→ WORK INSTRUCTION
Exactly as written, print each record in the listing.

→ MATERIAL PROVIDED
lemma mexp_cscale_cube:
  assumes "M ** (M ** M) = M"
  shows "mexp (cscale (- \<i> * complex_of_real b) M) =
     (\<chi> i j. mat 1 $ i $ j - \<i> * of_real (sin b) * M $ i $ j + of_real (cos b - 1) * (M ** M) $ i $ j)"
proof (rule mexp_eq_vec_lambda)
  fix i j :: 3
  have id: "(\<lambda>n. if n = 0 then mat 1 $ i $ j else (0::complex)) sums mat 1 $ i $ j"
    using sums_single[of 0 "\<lambda>_. mat 1 $ i $ j :: complex"] by simp
  have sin: "(\<lambda>n. complex_of_real (sin_coeff n * b ^ n)) sums of_real (sin b)"
    using sums_of_real[OF sin_converges[of b]] by simp
  have "(\<lambda>n. cos_coeff n * b ^ n - (if n = 0 then 1 else 0)) sums (cos b - 1)"
    using sums_diff[OF cos_converges[of b] sums_single[of 0 "\<lambda>_. 1::real"]] by simp
  then have cos: "(\<lambda>n. complex_of_real (cos_coeff n * b ^ n - (if n = 0 then 1 else 0)))
      sums of_real (cos b - 1)"
    using sums_of_real by fastforce
  show "(\<lambda>n. ((1 / fact n) *\<^sub>R mpow (cscale (- \<i> * complex_of_real b) M) n) $ i $ j) sums
     (mat 1 $ i $ j - \<i> * of_real (sin b) * M $ i $ j + of_real (cos b - 1) * (M ** M) $ i $ j)"
    unfolding exp_series_term_cscale_cube[OF assms]
    by (intro sums_add sums_diff id sums_mult2 sums_mult sin cos)
qed

lemma of_real_sqrt_2_squared: "complex_of_real (sqrt 2) * complex_of_real (sqrt 2) = 2"
  by (simp flip: of_real_mult)
(* Let $R$ be a ring. Then $R$ is feckly clean if and only if for any two distinct maximal ideals $M$ and $N$ of $R$ there exists $e\in R$ such that $e\in M$, $1-e\in N$ and $eR(1-e)\subseteq J(R)$.
   Context: Rings are associative with identity, not necessarily commutative; $J(R)$ is the Jacobson radical; maximal ideals are two-sided. An element $u\in R$ is full if $RuR=R$. An element $a\in R$ is feckly clean if there exist $e\in R$ and a full element $u\in R$ with $a=e+u$ and $eR(1-e)\subseteq J(R)$; $R$ is feckly clean if every element is feckly clean. *)

theory Defs
  imports Main
begin

definition two_sided_ideal :: "'a::ring_1 set \<Rightarrow> bool" where
  "two_sided_ideal I \<longleftrightarrow> 0 \<in> I \<and> (\<forall>x\<in>I. \<forall>y\<in>I. x - y \<in> I)
     \<and> (\<forall>r x. x \<in> I \<longrightarrow> r * x \<in> I \<and> x * r \<in> I)"

definition maximal_ideal :: "'a::ring_1 set \<Rightarrow> bool" where
  "maximal_ideal M \<longleftrightarrow> two_sided_ideal M \<and> M \<noteq> UNIV
     \<and> (\<forall>I. two_sided_ideal I \<and> M \<subseteq> I \<longrightarrow> I = M \<or> I = UNIV)"

definition left_ideal :: "'a::ring_1 set \<Rightarrow> bool" where
  "left_ideal I \<longleftrightarrow> 0 \<in> I \<and> (\<forall>x\<in>I. \<forall>y\<in>I. x - y \<in> I)
     \<and> (\<forall>r x. x \<in> I \<longrightarrow> r * x \<in> I)"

→ RESULT BELOW
lemma mexp_cscale_cube:
  assumes "M ** (M ** M) = M"
  shows "mexp (cscale (- \<i> * complex_of_real b) M) =
     (\<chi> i j. mat 1 $ i $ j - \<i> * of_real (sin b) * M $ i $ j + of_real (cos b - 1) * (M ** M) $ i $ j)"
proof (rule mexp_eq_vec_lambda)
  fix i j :: 3
  have id: "(\<lambda>n. if n = 0 then mat 1 $ i $ j else (0::complex)) sums mat 1 $ i $ j"
    using sums_single[of 0 "\<lambda>_. mat 1 $ i $ j :: complex"] by simp
  have sin: "(\<lambda>n. complex_of_real (sin_coeff n * b ^ n)) sums of_real (sin b)"
    using sums_of_real[OF sin_converges[of b]] by simp
  have "(\<lambda>n. cos_coeff n * b ^ n - (if n = 0 then 1 else 0)) sums (cos b - 1)"
    using sums_diff[OF cos_converges[of b] sums_single[of 0 "\<lambda>_. 1::real"]] by simp
  then have cos: "(\<lambda>n. complex_of_real (cos_coeff n * b ^ n - (if n = 0 then 1 else 0)))
      sums of_real (cos b - 1)"
    using sums_of_real by fastforce
  show "(\<lambda>n. ((1 / fact n) *\<^sub>R mpow (cscale (- \<i> * complex_of_real b) M) n) $ i $ j) sums
     (mat 1 $ i $ j - \<i> * of_real (sin b) * M $ i $ j + of_real (cos b - 1) * (M ** M) $ i $ j)"
    unfolding exp_series_term_cscale_cube[OF assms]
    by (intro sums_add sums_diff id sums_mult2 sums_mult sin cos)
qed

lemma of_real_sqrt_2_squared: "complex_of_real (sqrt 2) * complex_of_real (sqrt 2) = 2"
  by (simp flip: of_real_mult)
(* Let $R$ be a ring. Then $R$ is feckly clean if and only if for any two distinct maximal ideals $M$ and $N$ of $R$ there exists $e\in R$ such that $e\in M$, $1-e\in N$ and $eR(1-e)\subseteq J(R)$.
   Context: Rings are associative with identity, not necessarily commutative; $J(R)$ is the Jacobson radical; maximal ideals are two-sided. An element $u\in R$ is full if $RuR=R$. An element $a\in R$ is feckly clean if there exist $e\in R$ and a full element $u\in R$ with $a=e+u$ and $eR(1-e)\subseteq J(R)$; $R$ is feckly clean if every element is feckly clean. *)

theory Defs
  imports Main
begin

definition two_sided_ideal :: "'a::ring_1 set \<Rightarrow> bool" where
  "two_sided_ideal I \<longleftrightarrow> 0 \<in> I \<and> (\<forall>x\<in>I. \<forall>y\<in>I. x - y \<in> I)
     \<and> (\<forall>r x. x \<in> I \<longrightarrow> r * x \<in> I \<and> x * r \<in> I)"

definition maximal_ideal :: "'a::ring_1 set \<Rightarrow> bool" where
  "maximal_ideal M \<longleftrightarrow> two_sided_ideal M \<and> M \<noteq> UNIV
     \<and> (\<forall>I. two_sided_ideal I \<and> M \<subseteq> I \<longrightarrow> I = M \<or> I = UNIV)"

definition left_ideal :: "'a::ring_1 set \<Rightarrow> bool" where
  "left_ideal I \<longleftrightarrow> 0 \<in> I \<and> (\<forall>x\<in>I. \<forall>y\<in>I. x - y \<in> I)
     \<and> (\<forall>r x. x \<in> I \<longrightarrow> r * x \<in> I)"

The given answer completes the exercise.